Bortezomib, Pomalidomide, Dexamethasone For Systemic AL Amyloidosis

Overview

This is an open-label, multicenter, Phase 2 study in subjects with newly diagnosed systemic light chain (AL) amyloidosis. Approximately 40 subjects will receive therapy with bortezomib, pomalidomide, and dexamethasone. The primary outcome is hematologic very good partial response and complete response rate at 6 months.

Description

Proteasome inhibitor and immunmodulators have synergistic effect for plasma cell dyscrasia. Due to the fact that more than 70-80% of patients with amyloidosis have renal involvement, the application of lenalidomide is limited. Thus, the investigators designed this open-label, multicenter, phase 2 study for newly diagnosed or previously treated systemic AL amyloidosis with bortezomib, pomalidomide and dexamethasone regimen.

Eligibility

Inclusion Criteria:

1. Diagnosis of AL amyloidosis, confirmed by histology and typed with immunohistochemistry, immunoelectron microscopy or mass spectrometry.
2. Newly diagnosed AL amyloidosis
3. Patients must be ≥ 18 years of age.
4. ECOG performance status 0, 1 or 2.
5. Measurable disease defined by at least one of the following:

   ① serum free light chain (FLC) ≥2.0 mg/dL (20 mg/L) with an abnormal kappa:lambda ratio or the difference between involved and uninvolved free light chains (dFLC) ≥2mg/dL (20 mg/L).
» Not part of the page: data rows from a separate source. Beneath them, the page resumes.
lemma fib_poly_eq_sum:
  "fib_poly a b n = (\<Sum>k\<in>{0..n div 2}. of_nat ((n - k) choose k) * a ^ (n - 2 * k) * b ^ k)"
proof -
  have "(\<Sum>k\<le>n. fib_poly_term a b n k) = lin_rec2 a b 1 a n"
  proof (rule lin_rec2_unique)
    fix n
    have "(\<Sum>k\<le>Suc (Suc n). fib_poly_term a b (Suc (Suc n)) k)
        = fib_poly_term a b (Suc (Suc n)) 0 + (\<Sum>k\<le>n. fib_poly_term a b (Suc (Suc n)) (Suc k))"
      by (subst sum.atMost_Suc_shift) (simp add: fib_poly_term_eq_0)
    also have "\<dots> = a * fib_poly_term a b (Suc n) 0
                    + (\<Sum>k\<le>n. a * fib_poly_term a b (Suc n) (Suc k) + b * fib_poly_term a b n k)"
      by (simp add: fib_poly_term_Suc_Suc fib_poly_term_def[of _ _ _ 0])
    also have "\<dots> = a * (\<Sum>k\<le>Suc n. fib_poly_term a b (Suc n) k)
                    + b * (\<Sum>k\<le>n. fib_poly_term a b n k)"
      by (simp add: sum.atMost_Suc_shift sum.distrib sum_distrib_left distrib_left add.assoc
          del: sum.atMost_Suc)
    finally show "(\<Sum>k\<le>Suc (Suc n). fib_poly_term a b (Suc (Suc n)) k)
        = a * (\<Sum>k\<le>Suc n. fib_poly_term a b (Suc n) k) + b * (\<Sum>k\<le>n. fib_poly_term a b n k)" .
  qed (simp_all add: fib_poly_term_def)
  moreover have "(\<Sum>k\<in>{0..n div 2}. fib_poly_term a b n k) = (\<Sum>k\<le>n. fib_poly_term a b n k)"
    by (rule sum.mono_neutral_left) (auto intro: fib_poly_term_eq_0)
  ultimately show ?thesis by (simp add: fib_poly_def fib_poly_term_def)
qed

lemma binomial_sum_eq_fib_poly:
  fixes t :: "'a::field"
  shows "(\<Sum>k\<in>{0..i div 2}. (-1) ^ k * of_nat ((i - k) choose k) / (t ^ k * (t - 1) ^ (i - k)))
         = fib_poly (1 / (t - 1)) (- (1 / (t * (t - 1)))) i"
  unfolding fib_poly_eq_sum
proof (rule sum.cong[OF refl])
  fix k assume "k \<in> {0..i div 2}"
  then have "(t - 1) ^ (i - k) = (t - 1) ^ (i - 2 * k) * (t - 1) ^ k"
    by (simp add: power_add[symmetric])
  then show "(-1) ^ k * of_nat ((i - k) choose k) / (t ^ k * (t - 1) ^ (i - k))
       = of_nat ((i - k) choose k) * (1 / (t - 1)) ^ (i - 2 * k) * (- (1 / (t * (t - 1)))) ^ k"
    by (simp add: power_minus' divide_inverse power_inverse power_mult_distrib mult_ac)
qed

lemma lin_rec2_cubic_rescale:
  fixes t z :: "'a::field"
  assumes t0: "t \<noteq> 0" and t1: "t \<noteq> 1" and cubic: "t * (1 - t)\<^sup>2 = z ^ 3"
  defines "W \<equiv> z / (1 - t)"
  shows "lin_rec2 (W\<^sup>2) W 1 (W\<^sup>2) i / (1 - t)
         = (-1) ^ i * z ^ (2 * i) / (1 - t) ^ (i + 1) * fib_poly (1 / (t - 1)) (- (1 / (t * (t - 1)))) i"
proof -
  define q where "q = - z\<^sup>2 / (1 - t)"
  define a where "a = 1 - t"
  have a: "a \<noteq> 0" "1 - t = a" "t - 1 = - a" using t1 by (auto simp: a_def)
  have "q * (1 / (t - 1)) = W\<^sup>2"
    unfolding q_def W_def a(2,3) using a(1) by (simp add: field_simps power2_eq_square)
  moreover have "q\<^sup>2 * (- (1 / (t * (t - 1)))) = W"
  proof -
    have "q\<^sup>2 * (- (1 / (t * (t - 1)))) = z * z ^ 3 / (t * a ^ 3)"
      unfolding q_def a(2,3) using t0 a(1) by (simp add: field_simps power2_eq_square power3_eq_cube)
    also have "\<dots> = W" unfolding cubic[symmetric] W_def a(2)
      using t0 a(1) by (simp add: field_simps power2_eq_square power3_eq_cube)
    finally show ?thesis .
  qed
  ultimately have "lin_rec2 (W\<^sup>2) W 1 (W\<^sup>2) i
                     = q ^ i * fib_poly (1 / (t - 1)) (- (1 / (t * (t - 1)))) i"
    by (simp add: fib_poly_def lin_rec2_geometric)
  moreover have "(-1) ^ i * z ^ (2 * i) / (1 - t) ^ (i + 1) = q ^ i / (1 - t)"
    by (simp add: q_def power_divide power_minus' power_mult)
  ultimately show ?thesis by (simp only: times_divide_eq_left)
qed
   ②. presence of a monoclonal spike that is ≥5 g/l.

6. Symptomatic organ involvement (heart, kidney, liver/GI tract, peripheral nervous system).
7. Absolute neutrophil count (ANC) ≥1.0 X 10^9/L, Hemoglobin ≥70 g/L, Platelets ≥50 X 10^9/L
8. eGFR ≥20 mL/min/ 1.73 m^2
9. Written informed consent in accordance with local and institutional guidelines.
10. Contraceptive use should be consistent with local regulations regarding the methods of contraception for those participating in clinical studies.

Exclusion Criteria:

1. Fulfill with the criteria of active multiple myeloma or active lymphoplasmacytic lymphoma.
2. Presence of other tumors which is/are in advanced malignant stage and has/have systemic metastasis;
3. Severe or persistent infection that cannot be effectively controlled;
4. Presence of severe autoimmune diseases or immunodeficiency disease;
5. Patients with active hepatitis B or hepatitis C ([HBVDNA+] or [HCVRNA+]);
6. Patients with HIV infection or syphilis infection;
7. Any situations that the researchers believe will increase the risks for the subject or affect the results of the study.